> **Problem to solve**: Restate word for word the lines in the listing below, starting at the line containing "Context: A support" and ending at the line containing "nat set \<Rightarrow>", both included; leave out the rest.

> **Data for review**:

(* Consider a sequence of problems indexed by $n$ with a fixed integer $m\ge1$, a support set $\mathcal{S}\subseteq\{1,\dots,n\}$ of size $s=s(n)$, and a mean $\theta_1=\theta_1(n)>0$. Observations of component $i$ are i.i.d. $\mathcal{N}(0,1)$ if $i\notin\mathcal{S}$ and i.i.d. $\mathcal{N}(\theta_1,1)$ if $i\in\mathcal{S}$, independent across components and draws. Run sequential thresholding with $K=(1+\epsilon)\log_2 n$ passes, $\epsilon>0$: set $\mathcal{S}_0=\{1,\dots,n\}$; for $k=1,\dots,K$, for each $i\in\mathcal{S}_{k-1}$ take $m$ fresh observations $y^{(k)}_{i,1},\dots,y^{(k)}_{i,m}$, compute $T^{(k)}_{i,m}=\frac1m\sum_{j=1}^m y^{(k)}_{i,j}$, and set $\mathcal{S}_k=\{i\in\mathcal{S}_{k-1}:T^{(k)}_{i,m}>0\}$ (the threshold $0$ being the median of $T^{(k)}_{i,m}$ under the null). If $\theta_1>\sqrt{\frac{2}{m}\log(s\log_2 n)}$, then sequential thresholding is reliable, i.e. $\lim_{n\to\infty}\mathbb{P}(\mathcal{S}_K\neq\mathcal{S})=0$.
   Context: A support estimator $\widehat{\mathcal{S}}(n)$ is reliable if $\lim_{n\to\infty}\mathbb{P}(\widehat{\mathcal{S}}(n)\neq\mathcal{S}(n))=0$. The inequality on $\theta_1$ is understood as a condition on the growth of $\theta_1(n)$ with $n$. *)

theory Defs
  imports "HOL-Probability.Probability"
begin

text \<open>Observation array: y (i, k, j) is the j-th observation (j = 1..m) of component i
  (i = 1..n) taken in pass k (k = 1..K).\<close>

definition obs_space :: "nat \<Rightarrow> nat \<Rightarrow> nat \<Rightarrow> nat set \<Rightarrow> real \<Rightarrow> (nat \<times> nat \<times> nat \<Rightarrow> real) measure" where
  "obs_space n K m S \<theta> =
     PiM ({1..n} \<times> {1..K} \<times> {1..m})
       (\<lambda>(i, k, j). density lborel (normal_density (if i \<in> S then \<theta> else 0) 1))"

definition test_stat :: "nat \<Rightarrow> (nat \<times> nat \<times> nat \<Rightarrow> real) \<Rightarrow> nat \<Rightarrow> nat \<Rightarrow> real" where
  "test_stat m y i k = (\<Sum>j = 1..m. y (i, k, j)) / real m"

fun seq_thr :: "nat \<Rightarrow> nat \<Rightarrow> (nat \<times> nat \<times> nat \<Rightarrow> real) \<Rightarrow> nat \<Rightarrow> nat set" where
  "seq_thr n m y 0 = {1..n}"
| "seq_thr n m y (Suc k) = {i \<in> seq_thr n m y k. test_stat m y i (Suc k) > 0}"

definition num_passes :: "real \<Rightarrow> nat \<Rightarrow> nat" where
  "num_passes \<epsilon> n = nat \<lceil>(1 + \<epsilon>) * log 2 (real n)\<rceil>"

end

theory Submission
  imports Defs "HOL-Real_Asymp.Real_Asymp"
begin

text \<open>
  The output \<open>S\<^sub>K\<close> is wrong only if some null component survives all \<open>K\<close> passes or some
  signal component is discarded in one of the passes. A null statistic is positive with probability
  \<open>1/2\<close>, independently across passes, so the first event has probability at most
  \<open>n 2\<^sup>-\<^sup>K \<le> n\<^sup>-\<^sup>\<epsilon>\<close>. A signal statistic is \<open>N(\<theta>, 1/m)\<close>, so by the Mills-ratio bound it is
  nonpositive with probability at most \<open>\<phi>(x)/x\<close> with \<open>x = \<surd>m \<theta>\<close>. Summing over the \<open>s\<close> signal
  components and the \<open>K \<approx> (1+\<epsilon>) log\<^sub>2 n\<close> passes, the growth condition \<open>x\<^sup>2/2 > ln (s log\<^sub>2 n)\<close>
  leaves a bound of order \<open>1 / \<surd>(ln log\<^sub>2 n)\<close>.
\<close>

lemma indep_vars_PiM_components:
  assumes "I \<noteq> {}" and M: "\<And>i. i \<in> I \<Longrightarrow> prob_space (M i)"
    and sets_N: "\<And>i. i \<in> I \<Longrightarrow> sets (N i) = sets (M i)"
  shows "prob_space.indep_vars (PiM I M) N (\<lambda>i \<omega>. \<omega> i) I"
proof -
  interpret prob_space "PiM I M" by (rule prob_space_PiM[OF M])
  have component: "distr (PiM I M) (N i) (\<lambda>\<omega>. \<omega> i) = M i" if "i \<in> I" for i
  proof -
    have "distr (PiM I M) (N i) (\<lambda>\<omega>. \<omega> i) = distr (PiM I M) (M i) (\<lambda>\<omega>. \<omega> i)"
      by (rule distr_cong) (simp_all add: sets_N that)
    also have "\<dots> = M i" by (rule distr_PiM_component[OF M that])
    finally show ?thesis .
  qed
  have rv: "random_variable (N i) (\<lambda>\<omega>. \<omega> i)" if "i \<in> I" for i
    by (subst measurable_cong_sets[OF refl sets_N[OF that]]) (rule measurable_component_singleton[OF that])
  have "sets (PiM I N) = sets (PiM I M)" by (rule sets_PiM_cong) (simp_all add: sets_N)
  then have "distr (PiM I M) (PiM I N) (\<lambda>\<omega>. \<lambda>i\<in>I. \<omega> i) = distr (PiM I M) (PiM I M) (\<lambda>\<omega>. \<omega>)"
    by (intro distr_cong) (auto simp: space_PiM PiE_def extensional_def)
  also have "\<dots> = PiM I (\<lambda>i. distr (PiM I M) (N i) (\<lambda>\<omega>. \<omega> i))"
    by (auto simp: component intro!: PiM_cong)
  finally show ?thesis
    using indep_vars_iff_distr_eq_PiM'[OF \<open>I \<noteq> {}\<close> rv] by simp
qed

lemma distributed_PiM_component:
  assumes dens: "\<And>i. i \<in> I \<Longrightarrow> prob_space (density lborel (f i))"
    and "f i \<in> borel_measurable borel" and "i \<in> I"
  shows "distributed (PiM I (\<lambda>i. density lborel (f i))) lborel (\<lambda>\<omega>. \<omega> i) (f i)"
proof -
  have "distr (PiM I (\<lambda>i. density lborel (f i))) lborel (\<lambda>\<omega>. \<omega> i)
      = distr (PiM I (\<lambda>i. density lborel (f i))) (density lborel (f i)) (\<lambda>\<omega>. \<omega> i)"
    by (rule distr_cong) auto
  also have "\<dots> = density lborel (f i)"
    using distr_PiM_component[of I "\<lambda>i. density lborel (f i)", OF dens \<open>i \<in> I\<close>] by simp
  finally have "distr (PiM I (\<lambda>i. density lborel (f i))) lborel (\<lambda>\<omega>. \<omega> i) = density lborel (f i)" .
  moreover have "(\<lambda>\<omega>. \<omega> i) \<in> measurable (PiM I (\<lambda>i. density lborel (f i))) lborel"
    by (subst measurable_cong_sets[OF refl sets_density[of lborel "f i", symmetric]])
      (rule measurable_component_singleton[OF \<open>i \<in> I\<close>])
  ultimately show ?thesis
    using assms by (simp add: distributed_def)
qed

lemma std_normal_upper_tail_le:
  fixes c :: real
  assumes "c > 0"
  shows "(\<integral>\<^sup>+x. ennreal (std_normal_density x) * indicator {c..} x \<partial>lborel) \<le> ennreal (std_normal_density c / c)"
proof -
  have "(\<integral>\<^sup>+x. ennreal (std_normal_density x) * indicator {c..} x \<partial>lborel)
     \<le> (\<integral>\<^sup>+x. ennreal (1/c) * (ennreal (x * std_normal_density x) * indicator {c..} x) \<partial>lborel)"
  proof (intro nn_integral_mono)
    fix x :: real
    have "std_normal_density x \<le> (1/c) * (x * std_normal_density x)" if "c \<le> x"
      using that \<open>c > 0\<close> by (simp add: field_simps mult_right_mono)
    then show "ennreal (std_normal_density x) * indicator {c..} x
        \<le> ennreal (1/c) * (ennreal (x * std_normal_density x) * indicator {c..} x)"
      using \<open>c > 0\<close> by (auto simp: indicator_def ennreal_mult'[symmetric] intro: ennreal_leI)
  qed
  also have "\<dots> = ennreal (1/c) * (\<integral>\<^sup>+x. ennreal (x * std_normal_density x) * indicator {c..} x \<partial>lborel)"
    by (rule nn_integral_cmult) simp
  also have "(\<integral>\<^sup>+x. ennreal (x * std_normal_density x) * indicator {c..} x \<partial>lborel) = ennreal (std_normal_density c)"
  proof -
    have "((\<lambda>x. - std_normal_density x) has_real_derivative x * std_normal_density x) (at x)" for x
      unfolding std_normal_density_def by (rule derivative_eq_intros refl | simp)+
    moreover have "((\<lambda>x. - std_normal_density x) \<longlongrightarrow> 0) at_top"
      unfolding std_normal_density_def by real_asymp
    ultimately show ?thesis
      using \<open>c > 0\<close> by (subst nn_integral_FTC_atLeast) auto
  qed
  also have "ennreal (1/c) * ennreal (std_normal_density c) = ennreal (std_normal_density c / c)"
    using \<open>c > 0\<close> by (simp add: ennreal_mult'[symmetric])
  finally show ?thesis .
qed

lemma (in prob_space) normal_nonpos_prob_le:
  assumes X: "distributed M lborel X (normal_density \<mu> \<sigma>)" and "\<mu> > 0" and "\<sigma> > 0"
  shows "prob {x \<in> space M. X x \<le> 0} \<le> std_normal_density (\<mu>/\<sigma>) / (\<mu>/\<sigma>)"
proof -
  define Z where "Z x = \<mu>/\<sigma> + (-1/\<sigma>) * X x" for x
  have "distributed M lborel Z (normal_density (\<mu>/\<sigma> + (-1/\<sigma>) * \<mu>) (\<bar>-1/\<sigma>\<bar> * \<sigma>))"
    unfolding Z_def by (rule normal_density_affine[OF X]) (use \<open>\<sigma> > 0\<close> in simp_all)
  then have Z: "distributed M lborel Z std_normal_density"
    using \<open>\<sigma> > 0\<close> by simp
  have "{x \<in> space M. X x \<le> 0} = Z -` {\<mu>/\<sigma>..} \<inter> space M"
    using \<open>\<sigma> > 0\<close> by (auto simp: Z_def field_simps)
  then have "emeasure M {x \<in> space M. X x \<le> 0} \<le> ennreal (std_normal_density (\<mu>/\<sigma>) / (\<mu>/\<sigma>))"
    using distributed_emeasure[OF Z, of "{\<mu>/\<sigma>..}"] std_normal_upper_tail_le[of "\<mu>/\<sigma>"] assms(2,3)
    by simp
  then show ?thesis
    using assms(2,3) by (simp add: emeasure_eq_measure ennreal_le_iff)
qed

lemma (in prob_space) centered_normal_pos_prob_le_half:
  assumes X: "distributed M lborel X (normal_density 0 \<sigma>)" and "\<sigma> > 0"
  shows "prob {x \<in> space M. X x > 0} \<le> 1/2"
proof -
  have "distributed M lborel (\<lambda>x. 0 + (-1) * X x) (normal_density (0 + (-1) * 0) (\<bar>-1\<bar> * \<sigma>))"
    by (rule normal_density_affine[OF X \<open>\<sigma> > 0\<close>]) simp
  then have neg_X: "distributed M lborel (\<lambda>x. - X x) (normal_density 0 \<sigma>)"
    by simp
  have "{x \<in> space M. X x > 0} = X -` {0<..} \<inter> space M"
    and "{x \<in> space M. X x < 0} = (\<lambda>x. - X x) -` {0<..} \<inter> space M"
    by auto
  then have symmetric: "prob {x \<in> space M. X x > 0} = prob {x \<in> space M. X x < 0}"
    using distributed_emeasure[OF X, of "{0<..}"] distributed_emeasure[OF neg_X, of "{0<..}"]
    by (simp add: measure_def)
  have "prob {x \<in> space M. X x > 0} + prob {x \<in> space M. X x < 0}
      = prob ({x \<in> space M. X x > 0} \<union> {x \<in> space M. X x < 0})"
    using distributed_measurable[OF X] by (intro finite_measure_Union[symmetric]) auto
  also have "\<dots> \<le> 1" by simp
  finally show ?thesis using symmetric by simp
qed

lemma seq_thr_eq:
  "seq_thr n m y K = {i \<in> {1..n}. \<forall>k\<in>{1..K}. 0 < test_stat m y i k}"
  by (induction K) (auto simp: le_Suc_eq)

locale seq_thr_model =
  fixes n K m :: nat and S :: "nat set" and \<theta> :: real
  assumes n_pos: "1 \<le> n" and K_pos: "1 \<le> K" and m_pos: "1 \<le> m" and S_subset: "S \<subseteq> {1..n}"
begin

definition mean :: "nat \<Rightarrow> real" where
  "mean i = (if i \<in> S then \<theta> else 0)"

definition block :: "nat \<Rightarrow> nat \<Rightarrow> (nat \<times> nat \<times> nat) set" where
  "block i k = {i} \<times> {k} \<times> {1..m}"

abbreviation Obs :: "(nat \<times> nat \<times> nat \<Rightarrow> real) measure" where
  "Obs \<equiv> obs_space n K m S \<theta>"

> **Task solution**:
   Context: A support estimator $\widehat{\mathcal{S}}(n)$ is reliable if $\lim_{n\to\infty}\mathbb{P}(\widehat{\mathcal{S}}(n)\neq\mathcal{S}(n))=0$. The inequality on $\theta_1$ is understood as a condition on the growth of $\theta_1(n)$ with $n$. *)

theory Defs
  imports "HOL-Probability.Probability"
begin

text \<open>Observation array: y (i, k, j) is the j-th observation (j = 1..m) of component i
  (i = 1..n) taken in pass k (k = 1..K).\<close>

definition obs_space :: "nat \<Rightarrow> nat \<Rightarrow> nat \<Rightarrow> nat set \<Rightarrow> real \<Rightarrow> (nat \<times> nat \<times> nat \<Rightarrow> real) measure" where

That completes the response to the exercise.